Monday, May 26, 2008

Happiness Economics

I could not think of a great topic this week so I thought I'd do a little research on some more weird economic departments.
I came across "Happiness economics." This field analyzes the well-being of a country using both economics and psychology. At first, I thought this sounded a little ridiculous. But as I thought about it more, this seems to make sense. A lot of connections can be made between economics and psych. Both involve people make choices; one field analyzes the outcomes while the other analyzes the reasons for the choice made.
Happiness economics has also become of interest regarding the measurement of a country's well being beyond GDP and GNP. Some nations with lower GDP may also have a lower standard of living, thus their individual happiness is about the same, or even higher than that of countries with very high GDPs.
Though maybe not completely fair, some people use this argument to show possible benefits of sweatshops. Compared to workers compensation in the US, this is slave labor. However, many sweatshops in India are set up to give jobs to women abused in marriage assaults or burnings. Their individual happiness with their jobs is high, though many in the US would look at their jobs and see a very grim picture. I'm not saying this justifies slave labor, it's merely another way to look at it.

3 comments:

martywiese said...

I'd be very interested to find out where the U.S. rates on this scale. I bet we're waaay lower than we ought to be, considering how well-off the majority of our nation is in comparison to the rest of the world.

Still, I'm curious, how do they measure happiness? Is there some sort of unit of joy used? It seems an even flimsier concept than utility, which at least can kind of be measured by if the next unit is worth having or not...

JoelleBender said...

Ah, gotta love a good sweatshop. Just kidding.

This makes a lot of sense. Although, like Marty, I'd like to know exactly how the ratings work. I bet it's something like that quality of life thing we did in APES.
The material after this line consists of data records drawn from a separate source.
(* Let $G$ be a two-player game with a finite set $\mathcal{P}$ of positions as in the context, let $\alpha$ be as defined there, and let $x$ be a Richman function for $G$. Let $T$ be the set defined from $x$ as in the context. Then $\alpha(P)=x(P)$ for all $P\in\mathcal{P}$ if and only if every position $P$ with $x(P)>0$ belongs to $T$.
   Context: The game is given by a finite set $\mathcal{P}$ of positions; each non-terminal position $P$ has a nonempty set of White options $P_w$ and a nonempty set of Black options $P_b$ (positions to which White, resp. Black, can move). Terminal positions are designated as White wins or Black wins. Define $\alpha_n:\mathcal{P}\to[0,1]$ by $\alpha_n(P)=1$ (resp. $0$) for all $n$ if $P$ is a terminal White (resp. Black) win, $\alpha_0(P)=0$ for non-terminal $P$, and $\alpha_{n+1}(P)=\frac12(\max_w\alpha_n(P_w)+\min_b\alpha_n(P_b))$ for non-terminal $P$; let $\alpha(P)=\lim_n\alpha_n(P)$ (the sequence is nondecreasing). A Richman function is a function $x:\mathcal{P}\to[0,1]$ with $x(P)=1$ at terminal White wins, $x(P)=0$ at terminal Black wins, and $x(P)=\frac12(\max_w x(P_w)+\min_b x(P_b))$ at every non-terminal $P$. A White move from $P$ to $P_w$ is $x$-greedy if $x(P_w)=\max_{w'}x(P_{w'})$. Let $T_0$ be the set of terminal positions, and for $n\ge0$ let $T_{n+1}$ consist of the positions that belong to $T_n$, or have an $x$-greedy White option in $T_n$, or have all of their Black options in $T_n$. Let $T=\bigcup_n T_n$. *)

theory Defs
  imports Complex_Main
begin

text \<open>A game on a finite type of positions 'p is given by the set Term of terminal
positions, the set WWin of terminal White wins (terminal positions not in WWin are
Black wins), and the White/Black option maps Wo, Bo.\<close>

definition game :: "'p set \<Rightarrow> 'p set \<Rightarrow> ('p \<Rightarrow> 'p set) \<Rightarrow> ('p \<Rightarrow> 'p set) \<Rightarrow> bool" where
  "game Term WWin Wo Bo \<longleftrightarrow> WWin \<subseteq> Term \<and>
     (\<forall>P. P \<notin> Term \<longrightarrow> Wo P \<noteq> {} \<and> Bo P \<noteq> {})"

fun alpha_seq :: "'p set \<Rightarrow> 'p set \<Rightarrow> ('p \<Rightarrow> 'p set) \<Rightarrow> ('p \<Rightarrow> 'p set) \<Rightarrow> nat \<Rightarrow> 'p \<Rightarrow> real" where
  "alpha_seq Term WWin Wo Bo 0 P =
     (if P \<in> Term then (if P \<in> WWin then 1 else 0) else 0)"
| "alpha_seq Term WWin Wo Bo (Suc n) P =
     (if P \<in> Term then (if P \<in> WWin then 1 else 0)
      else (Max (alpha_seq Term WWin Wo Bo n ` Wo P) + Min (alpha_seq Term WWin Wo Bo n ` Bo P)) / 2)"

definition alpha :: "'p set \<Rightarrow> 'p set \<Rightarrow> ('p \<Rightarrow> 'p set) \<Rightarrow> ('p \<Rightarrow> 'p set) \<Rightarrow> 'p \<Rightarrow> real" where
  "alpha Term WWin Wo Bo P = lim (\<lambda>n. alpha_seq Term WWin Wo Bo n P)"

definition richman :: "'p set \<Rightarrow> 'p set \<Rightarrow> ('p \<Rightarrow> 'p set) \<Rightarrow> ('p \<Rightarrow> 'p set) \<Rightarrow> ('p \<Rightarrow> real) \<Rightarrow> bool" where
  "richman Term WWin Wo Bo x \<longleftrightarrow>
     (\<forall>P. 0 \<le> x P \<and> x P \<le> 1) \<and>
     (\<forall>P\<in>Term. x P = (if P \<in> WWin then 1 else 0)) \<and>
     (\<forall>P. P \<notin> Term \<longrightarrow> x P = (Max (x ` Wo P) + Min (x ` Bo P)) / 2)"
Could this be seen as ALMOST the same psychology that worked during the Depression? People were so desperate then that even the (normally) worst jobs sounded amazing because it was some form of payment.

JOSH said...

I agree with marty that the us may be low on this scale just because we are so spoiled and expect so much. I agree with this idea though of "happines economics" I think that, although they use up with fancy names and all this stuff, happiness is kinda what drives economics. Economy is all about what you are willing to do and give in order to get things in return that make you happy. one weighs the happiness given up and the happiness received and decides if that action will happen. And about the sweat shops, i thought i commented on something like this earlier or maybe read about it in naked economics, yeah that's what it was, the idea that sweat shops sound bad the us but over there that's what they have. No one is forcing them to work in the sweat shops, they choose to because to because that is the best job they can get. it's either that or not working at all, so they choose the sweat shops. compared to working in america it is brutal and harsh conditions, but, that is what they do there.